--- Data for processing Enclosed Below ---

(* Let $\Gamma$ be a finite simple graph with a linear order on $V(\Gamma)$. Let $n\ge1$ and $a,g,b\in G(\Gamma)$ such that $ag^nb$ is geodesic (i.e. $|ag^nb|=|a|+n|g|+|b|$) and $g$ is strongly non-split and SD-conical. Then $$\sigma(ag^nb)\equiv\sigma(a)\underbrace{\sigma(g)\cdots\sigma(g)}_{n-1}\sigma(gb).$$
   Context: $G(\Gamma)=\langle v\in V(\Gamma)\mid [v_i,v_j]=1 \text{ if } \{v_i,v_j\}\notin E(\Gamma)\rangle$. $|g|$ is word length; reduced word = shortest representative; $\mathrm{supp}(g)$ = set of generators $v$ with $v^{\pm1}$ in a reduced word for $g$; $\equiv$ is letterwise equality of words. $g_1,g_2$ disjointly commute if their supports are disjoint and every generator of one commutes with every generator of the other (i.e. they are non-adjacent in $\Gamma$). $g$ is non-split if $\mathrm{supp}(g)$ spans a connected subgraph; strongly non-split if non-split and no generator disjointly commutes with $g$. $S(g)$ = set of $v\in V(\Gamma)$ such that some reduced word for $g$ begins with $v^{\pm1}$. $g$ is conical with apex $v_0$ if $S(g)=\{v_0\}$; SD-conical if moreover $v<v_0$ implies $\{v,v_0\}\in E(\Gamma)$. A reduced word for $g$ is initially normal if it is empty or its first letter is $v^{\pm1}$ with $v$ the largest element of $S(g)$; normal if all its suffixes are initially normal; $\sigma(g)$ is the unique normal word representing $g$ (CGW-normal form). *)

theory Defs
  imports Main
begin

(* Graph Gamma: finite vertex type 'v (class finite), linearly ordered (class linorder),
   simple graph given by a symmetric irreflexive edge relation E.
   G(Gamma) = < V | [u,v] = 1 whenever {u,v} is NOT an edge >.
   Letters: (v, True) = v, (v, False) = v^-1. Group elements are represented by words;
   two words represent the same element iff they are related by rel_eq E. *)

type_synonym 'v letter = "'v \<times> bool"

definition inv_letter :: "'v letter \<Rightarrow> 'v letter" where
  "inv_letter l = (fst l, \<not> snd l)"

inductive raag_step :: "('v \<Rightarrow> 'v \<Rightarrow> bool) \<Rightarrow> 'v letter list \<Rightarrow> 'v letter list \<Rightarrow> bool"
  for E where
  cancel: "raag_step E (xs @ [l, inv_letter l] @ ys) (xs @ ys)"
| swap: "u \<noteq> v \<Longrightarrow> \<not> E u v \<Longrightarrow>
         raag_step E (xs @ [(u,s),(v,t)] @ ys) (xs @ [(v,t),(u,s)] @ ys)"

definition rel_eq :: "('v \<Rightarrow> 'v \<Rightarrow> bool) \<Rightarrow> 'v letter list \<Rightarrow> 'v letter list \<Rightarrow> bool" where
  "rel_eq E = equivclp (raag_step E)"

definition wlen :: "('v \<Rightarrow> 'v \<Rightarrow> bool) \<Rightarrow> 'v letter list \<Rightarrow> nat" where
  "wlen E w = (LEAST n. \<exists>u. rel_eq E u w \<and> length u = n)"

definition reduced :: "('v \<Rightarrow> 'v \<Rightarrow> bool) \<Rightarrow> 'v letter list \<Rightarrow> bool" where
  "reduced E w \<longleftrightarrow> length w = wlen E w"

definition supp :: "('v \<Rightarrow> 'v \<Rightarrow> bool) \<Rightarrow> 'v letter list \<Rightarrow> 'v set" where
  "supp E w = {v. \<exists>u. rel_eq E u w \<and> reduced E u \<and> v \<in> fst ` set u}"

definition disj_commute :: "('v \<Rightarrow> 'v \<Rightarrow> bool) \<Rightarrow> 'v letter list \<Rightarrow> 'v letter list \<Rightarrow> bool" where
  "disj_commute E g1 g2 \<longleftrightarrow> supp E g1 \<inter> supp E g2 = {} \<and>
     (\<forall>x\<in>supp E g1. \<forall>y\<in>supp E g2. \<not> E x y)"

definition connected_sub :: "('v \<Rightarrow> 'v \<Rightarrow> bool) \<Rightarrow> 'v set \<Rightarrow> bool" where
  "connected_sub E S \<longleftrightarrow> (\<forall>x\<in>S. \<forall>y\<in>S. (\<lambda>a b. a \<in> S \<and> b \<in> S \<and> E a b)\<^sup>*\<^sup>* x y)"

definition non_split :: "('v \<Rightarrow> 'v \<Rightarrow> bool) \<Rightarrow> 'v letter list \<Rightarrow> bool" where
  "non_split E g \<longleftrightarrow> connected_sub E (supp E g)"

definition strongly_non_split :: "('v \<Rightarrow> 'v \<Rightarrow> bool) \<Rightarrow> 'v letter list \<Rightarrow> bool" where
  "strongly_non_split E g \<longleftrightarrow> non_split E g \<and> (\<forall>v. \<not> disj_commute E [(v, True)] g)"

definition start_set :: "('v \<Rightarrow> 'v \<Rightarrow> bool) \<Rightarrow> 'v letter list \<Rightarrow> 'v set" where
  "start_set E w = {v. \<exists>u. rel_eq E u w \<and> reduced E u \<and> u \<noteq> [] \<and> fst (hd u) = v}"

definition conical :: "('v \<Rightarrow> 'v \<Rightarrow> bool) \<Rightarrow> 'v letter list \<Rightarrow> 'v \<Rightarrow> bool" where
  "conical E g v0 \<longleftrightarrow> start_set E g = {v0}"

definition SD_conical :: "('v \<Rightarrow> 'v \<Rightarrow> bool) \<Rightarrow> 'v::linorder letter list \<Rightarrow> 'v \<Rightarrow> bool" where
  "SD_conical E g v0 \<longleftrightarrow> conical E g v0 \<and> (\<forall>v. v < v0 \<longrightarrow> E v v0)"

definition initially_normal :: "('v \<Rightarrow> 'v \<Rightarrow> bool) \<Rightarrow> 'v::{finite,linorder} letter list \<Rightarrow> bool" where
  "initially_normal E w \<longleftrightarrow> reduced E w \<and> (w = [] \<or> fst (hd w) = Max (start_set E w))"

definition normal :: "('v \<Rightarrow> 'v \<Rightarrow> bool) \<Rightarrow> 'v::{finite,linorder} letter list \<Rightarrow> bool" where
  "normal E w \<longleftrightarrow> (\<forall>k \<le> length w. initially_normal E (drop k w))"

definition sigma :: "('v \<Rightarrow> 'v \<Rightarrow> bool) \<Rightarrow> 'v::{finite,linorder} letter list \<Rightarrow> 'v letter list" where
  "sigma E w = (THE u. normal E u \<and> rel_eq E u w)"

definition wpow :: "'a list \<Rightarrow> nat \<Rightarrow> 'a list" where
  "wpow w n = concat (replicate n w)"

end

theory Submission
  imports Defs
begin

(*
  Two reduced words represent the same element of G(Gamma) iff they differ by swaps of adjacent
  commuting letters; this is the word problem, solved by van der Waerden's trick of letting words
  act on shuffle classes of reduced words. Hence the start set of a reduced word consists of the
  letters that can be shuffled to its front. If x and y are normal, x y is reduced, every start
  letter of y is v0 and every vertex below v0 is adjacent to v0, then x y is normal: a letter of y
  can only surface past the first letter m of x if it commutes with m, and then v0 <= m.

  Geodesicity of a g^n b makes sigma(a) sigma(g)^(n-1) sigma(g b) and sigma(g) sigma(b) reduced.
  As g is strongly non-split, no letter can be shuffled past a copy of sigma(g), so sigma(g b) and
  every sigma(g)^k sigma(g b) start only with v0. Gluing from the right, the word
  sigma(a) sigma(g)^(n-1) sigma(g b) is normal, so it is sigma(a g^n b).
*)

section \<open>Shuffle equivalence\<close>

lemma append_eq_append_Cons_conv:
  "x @ y = p @ c # q \<longleftrightarrow> (\<exists>r. x = p @ c # r \<and> q = r @ y) \<or> (\<exists>r. p = x @ r \<and> y = r @ c # q)"
  by (auto simp: append_eq_append_conv2 append_eq_Cons_conv)

lemma append_pair_eq_append_Cons_cases:
  assumes "xs @ a # b # ys = p @ c # q"
  obtains r where "p = xs @ a # b # r" "ys = r @ c # q"
  | "p = xs" "c = a" "q = b # ys"
  | "p = xs @ [a]" "c = b" "q = ys"
  | r where "xs = p @ c # r" "q = r @ a # b # ys"
  using assms unfolding append_eq_append_Cons_conv[of xs] by (auto simp: Cons_eq_append_conv)

definition commutes :: "('v \<Rightarrow> 'v \<Rightarrow> bool) \<Rightarrow> 'v \<Rightarrow> 'v \<Rightarrow> bool" where
  "commutes E x y \<longleftrightarrow> x \<noteq> y \<and> \<not> E x y \<and> \<not> E y x"

abbreviation commutes_past :: "('v \<Rightarrow> 'v \<Rightarrow> bool) \<Rightarrow> 'v letter \<Rightarrow> 'v letter list \<Rightarrow> bool" where
  "commutes_past E c p \<equiv> \<forall>x\<in>set p. commutes E (fst x) (fst c)"

lemma commutes_sym: "commutes E x y \<Longrightarrow> commutes E y x"
  by (auto simp: commutes_def)

lemma commutes_irrefl [simp]: "\<not> commutes E x x"
  by (simp add: commutes_def)

definition shuffle_step :: "('v \<Rightarrow> 'v \<Rightarrow> bool) \<Rightarrow> 'v letter list \<Rightarrow> 'v letter list \<Rightarrow> bool" where
  "shuffle_step E w w' \<longleftrightarrow>
     (\<exists>xs a b ys. commutes E (fst a) (fst b) \<and> w = xs @ a # b # ys \<and> w' = xs @ b # a # ys)"

definition shuffle_eq :: "('v \<Rightarrow> 'v \<Rightarrow> bool) \<Rightarrow> 'v letter list \<Rightarrow> 'v letter list \<Rightarrow> bool" where
  "shuffle_eq E = (shuffle_step E)\<^sup>*\<^sup>*"

lemma shuffle_step_sym: "shuffle_step E w w' \<Longrightarrow> shuffle_step E w' w"
  unfolding shuffle_step_def by (metis commutes_sym)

--- End of Enclosed Data for processing ---

* **Task instructions**:
Your reply should be the lines from the one that contains "E = (shuffle_step" through the end of the listing above, repeated exactly.

* **Solution to the exercise**:
  "shuffle_eq E = (shuffle_step E)\<^sup>*\<^sup>*"

lemma shuffle_step_sym: "shuffle_step E w w' \<Longrightarrow> shuffle_step E w' w"
  unfolding shuffle_step_def by (metis commutes_sym)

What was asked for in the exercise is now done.